Starting at the first line of the data below, retype every line up to and including the one containing "by (rule finite_subset[rotated])".

* _EXERCISE INPUTS_:
-- Opening Marker --
lemma ranking_of_bij:
  assumes "bij_betw p C {1..card C}"
  shows "\<exists>t\<in>rankings C. \<forall>c\<in>C. pos t c = p c"
proof
  define t where "t = map (inv_into C p) [1..<Suc (card C)]"
  have "bij_betw (inv_into C p) {1..card C} C"
    using assms by (rule bij_betw_inv_into)
  moreover have "set [1..<Suc (card C)] = {1..card C}"
    by (simp only: set_upt atLeastLessThanSuc_atLeastAtMost)
  ultimately show "t \<in> rankings C"
    unfolding t_def rankings_def bij_betw_def
    by (simp only: mem_Collect_eq distinct_map set_map distinct_upt)
  show "\<forall>c\<in>C. pos t c = p c"
  proof
    fix c assume "c \<in> C"
    then have "p c \<in> {1..card C}" "inv_into C p (p c) = c"
      using assms by (auto simp: bij_betw_def)
    moreover have "distinct t" using \<open>t \<in> rankings C\<close> by (simp add: rankings_def)
    ultimately show "pos t c = p c"
      using pos_nth[of t "p c - 1"] by (auto simp: t_def simp del: upt_Suc)
  qed
qed

lemma bij_betw_extend:
  assumes "finite C" "finite S" "card S = card C" "D \<subseteq> C" "inj_on q D" "q ` D \<subseteq> S"
  obtains p where "bij_betw p C S" "\<forall>x\<in>D. p x = q x"
proof -
  have "finite D" using assms(1,4) by (rule finite_subset[rotated])
  then have "card (C - D) = card (S - q ` D)"
    using assms by (simp add: card_Diff_subset card_image)
  then obtain h where "bij_betw h (C - D) (S - q ` D)"
    using assms(1,2) finite_same_card_bij by blast
  then have "bij_betw (\<lambda>x. if x \<in> D then q x else h x) (D \<union> (C - D)) (q ` D \<union> (S - q ` D))"
    using assms(5) by (intro bij_betw_disjoint_Un) (auto simp: bij_betw_def)
  moreover have "D \<union> (C - D) = C" "q ` D \<union> (S - q ` D) = S" using assms(4,6) by auto
  ultimately show thesis by (intro that) auto
qed

lemma bij_betw_override_on:
  assumes "bij_betw p C S" "D \<subseteq> C" "bij_betw q D (p ` D)"
  shows "bij_betw (override_on p q D) C S"
proof -
  have "bij_betw p (C - D) (p ` (C - D))"
    using assms(1) by (rule bij_betw_subset) auto
  then have "bij_betw (\<lambda>x. if x \<in> D then q x else p x) (D \<union> (C - D)) (p ` D \<union> p ` (C - D))"
    using assms by (intro bij_betw_disjoint_Un) (auto simp: bij_betw_def inj_on_def)
  moreover have "D \<union> (C - D) = C" "p ` D \<union> p ` (C - D) = S"
    using assms(1,2) by (auto simp: bij_betw_def)
  ultimately show ?thesis by (simp add: override_on_def)
qed

definition lead_gain :: "(nat \<Rightarrow> real) \<Rightarrow> 'c \<Rightarrow> 'c list \<Rightarrow> 'c list \<Rightarrow> 'c \<Rightarrow> real" where
  "lead_gain w b s s' \<alpha> = (sigma w s' b - sigma w s' \<alpha>) - (sigma w s b - sigma w s \<alpha>)"

lemma exists_rankings_with_lead_gain:
  assumes "finite C" "D \<subseteq> C" "b \<in> D" "inj_on q D" "inj_on q' D"
    "q ` D \<subseteq> {1..card C}" "q' ` D = q ` D"
  obtains s s' where "s \<in> rankings C" "s' \<in> rankings C" "\<forall>x\<in>D. pos s x = q x \<and> pos s' x = q' x"
    "\<forall>\<alpha>\<in>C. lead_gain w b s s' \<alpha> = w (q' b) - w (q b) + (if \<alpha> \<in> D then w (q \<alpha>) - w (q' \<alpha>) else 0)"
proof -
  obtain p where p: "bij_betw p C {1..card C}" "\<forall>x\<in>D. p x = q x"
    using bij_betw_extend[OF assms(1) _ _ assms(2,4,6)] by auto
  have "bij_betw q' D (p ` D)"
    using assms(5,7) p(2) by (simp add: bij_betw_def)
  then have p': "bij_betw (override_on p q' D) C {1..card C}"
    using p(1) assms(2) by (rule bij_betw_override_on[rotated 2])
  obtain s s' where s: "s \<in> rankings C" "\<forall>c\<in>C. pos s c = p c"
    and s': "s' \<in> rankings C" "\<forall>c\<in>C. pos s' c = override_on p q' D c"
    using ranking_of_bij[OF p(1)] ranking_of_bij[OF p'] by blast
  show thesis
    using s s' p(2) assms(2,3) by (intro that[of s s']) (auto simp: lead_gain_def sigma_def subset_iff)
qed

(* The lead of b gained at level i, for u = 1 - w i and v = w (i + 1), when b takes the top slot
   from c and, unless d = a, a drops to the last place and d takes its slot i + 1. *)
definition exchange_effect :: "real \<Rightarrow> real \<Rightarrow> 'c \<Rightarrow> 'c \<Rightarrow> 'c \<Rightarrow> 'c \<Rightarrow> real" where
  "exchange_effect u v a d c \<alpha> = u * (1 + of_bool (\<alpha> = c)) + v * (of_bool (\<alpha> = a) - of_bool (\<alpha> = d))"

lemma exists_exchange_keeping_a:
  assumes "finite C" "card C = m" "w 1 = 1" "a \<in> C" "b \<in> C" "a \<noteq> b" "c \<in> C - {a, b}" "1 \<le> i" "i < m"
  obtains s s' where "s \<in> rankings C" "pos s b = i" "pos s a = i + 1" "s' \<in> rankings C" "pos s' b = 1"
    "\<forall>\<alpha>\<in>C - {b}. lead_gain w b s s' \<alpha> = exchange_effect (1 - w i) (w (i + 1)) a a c \<alpha>"
proof (cases "i = 1")
  case True
  define q where "q = (\<lambda>x. if x = b then i else i + 1)"
  obtain s s' where "s \<in> rankings C" "s' \<in> rankings C" "\<forall>x\<in>{b, a}. pos s x = q x \<and> pos s' x = q x"
    "\<forall>\<alpha>\<in>C. lead_gain w b s s' \<alpha> = w (q b) - w (q b) + (if \<alpha> \<in> {b, a} then w (q \<alpha>) - w (q \<alpha>) else 0)"
    by (rule exists_rankings_with_lead_gain[of C "{b, a}" b q q w]) (use assms in \<open>auto simp: q_def\<close>)
  then show thesis
    using True assms by (intro that[of s s']) (auto simp: q_def exchange_effect_def)
next
  case False
  define q where "q = (\<lambda>x. if x = b then i else if x = a then i + 1 else 1)"
  define q' where "q' = (\<lambda>x. if x = b then 1 else if x = a then i + 1 else i)"
  obtain s s' where "s \<in> rankings C" "s' \<in> rankings C" "\<forall>x\<in>{b, a, c}. pos s x = q x \<and> pos s' x = q' x"
    "\<forall>\<alpha>\<in>C. lead_gain w b s s' \<alpha> = w (q' b) - w (q b) + (if \<alpha> \<in> {b, a, c} then w (q \<alpha>) - w (q' \<alpha>) else 0)"
    by (rule exists_rankings_with_lead_gain[of C "{b, a, c}" b q q' w]) (use assms False in \<open>auto simp: q_def q'_def\<close>)
  then show thesis
    using False assms by (intro that[of s s']) (auto simp: q_def q'_def exchange_effect_def)
qed

(* For 1 < i < m - 1, c and d occupy the first and the last slot of s, so they must differ; for
   i = 1 the gain over c vanishes and for i = m - 1 the loss of d vanishes, so one of them stays. *)
lemma exists_exchange_demoting_a:
  assumes "finite C" "card C = m" "3 \<le> m" "w 1 = 1" "w m = 0" "a \<in> C" "b \<in> C" "a \<noteq> b"
    and "d \<in> C - {a, b}" "c \<in> C - {a, b}" "1 \<le> i" "i < m" "d \<noteq> c \<or> i = 1 \<or> i = m - 1"
  obtains s s' where "s \<in> rankings C" "pos s b = i" "pos s a = i + 1" "s' \<in> rankings C" "pos s' b = 1"
    "\<forall>\<alpha>\<in>C - {b}. lead_gain w b s s' \<alpha> = exchange_effect (1 - w i) (w (i + 1)) a d c \<alpha>"
proof -
  consider (top) "i = 1" | (last) "i = m - 1" "i \<noteq> 1" | (middle) "2 \<le> i" "i \<le> m - 2" "d \<noteq> c"
    using assms(11-13) by linarith
  then show thesis
  proof cases
    case top
    define q where "q = (\<lambda>x. if x = b then 1 else if x = a then i + 1 else m)"
    define q' where "q' = (\<lambda>x. if x = b then 1 else if x = a then m else i + 1)"
    obtain s s' where "s \<in> rankings C" "s' \<in> rankings C" "\<forall>x\<in>{b, a, d}. pos s x = q x \<and> pos s' x = q' x"
      "\<forall>\<alpha>\<in>C. lead_gain w b s s' \<alpha> = w (q' b) - w (q b) + (if \<alpha> \<in> {b, a, d} then w (q \<alpha>) - w (q' \<alpha>) else 0)"
      by (rule exists_rankings_with_lead_gain[of C "{b, a, d}" b q q' w]) (use assms top in \<open>auto simp: q_def q'_def\<close>)
    then show thesis
      using top assms by (intro that[of s s']) (auto simp: q_def q'_def exchange_effect_def)
  next
    case last
    define q where "q = (\<lambda>x. if x = b then i else if x = a then m else 1)"
    define q' where "q' = (\<lambda>x. if x = b then 1 else if x = a then m else i)"
    obtain s s' where "s \<in> rankings C" "s' \<in> rankings C" "\<forall>x\<in>{b, a, c}. pos s x = q x \<and> pos s' x = q' x"
      "\<forall>\<alpha>\<in>C. lead_gain w b s s' \<alpha> = w (q' b) - w (q b) + (if \<alpha> \<in> {b, a, c} then w (q \<alpha>) - w (q' \<alpha>) else 0)"
      by (rule exists_rankings_with_lead_gain[of C "{b, a, c}" b q q' w]) (use assms last in \<open>auto simp: q_def q'_def\<close>)
    then show thesis
      using last assms by (intro that[of s s']) (auto simp: q_def q'_def exchange_effect_def)
  next
    case middle
    define q where "q = (\<lambda>x. if x = b then i else if x = a then i + 1 else if x = d then m else 1)"
    define q' where "q' = (\<lambda>x. if x = b then 1 else if x = a then m else if x = d then i + 1 else i)"
    obtain s s' where "s \<in> rankings C" "s' \<in> rankings C" "\<forall>x\<in>{b, a, d, c}. pos s x = q x \<and> pos s' x = q' x"
      "\<forall>\<alpha>\<in>C. lead_gain w b s s' \<alpha> = w (q' b) - w (q b) + (if \<alpha> \<in> {b, a, d, c} then w (q \<alpha>) - w (q' \<alpha>) else 0)"
      by (rule exists_rankings_with_lead_gain[of C "{b, a, d, c}" b q q' w]) (use assms middle in \<open>auto simp: q_def q'_def\<close>)
    then show thesis
      using middle assms by (intro that[of s s']) (auto simp: q_def q'_def exchange_effect_def)
  qed
qed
-- Closing Marker --
* _ANSWER TO THIS EXERCISE_:
lemma ranking_of_bij:
  assumes "bij_betw p C {1..card C}"
  shows "\<exists>t\<in>rankings C. \<forall>c\<in>C. pos t c = p c"
proof
  define t where "t = map (inv_into C p) [1..<Suc (card C)]"
  have "bij_betw (inv_into C p) {1..card C} C"
    using assms by (rule bij_betw_inv_into)
  moreover have "set [1..<Suc (card C)] = {1..card C}"
    by (simp only: set_upt atLeastLessThanSuc_atLeastAtMost)
  ultimately show "t \<in> rankings C"
    unfolding t_def rankings_def bij_betw_def
    by (simp only: mem_Collect_eq distinct_map set_map distinct_upt)
  show "\<forall>c\<in>C. pos t c = p c"
  proof
    fix c assume "c \<in> C"
    then have "p c \<in> {1..card C}" "inv_into C p (p c) = c"
      using assms by (auto simp: bij_betw_def)
    moreover have "distinct t" using \<open>t \<in> rankings C\<close> by (simp add: rankings_def)
    ultimately show "pos t c = p c"
      using pos_nth[of t "p c - 1"] by (auto simp: t_def simp del: upt_Suc)
  qed
qed

lemma bij_betw_extend:
  assumes "finite C" "finite S" "card S = card C" "D \<subseteq> C" "inj_on q D" "q ` D \<subseteq> S"
  obtains p where "bij_betw p C S" "\<forall>x\<in>D. p x = q x"
proof -
  have "finite D" using assms(1,4) by (rule finite_subset[rotated])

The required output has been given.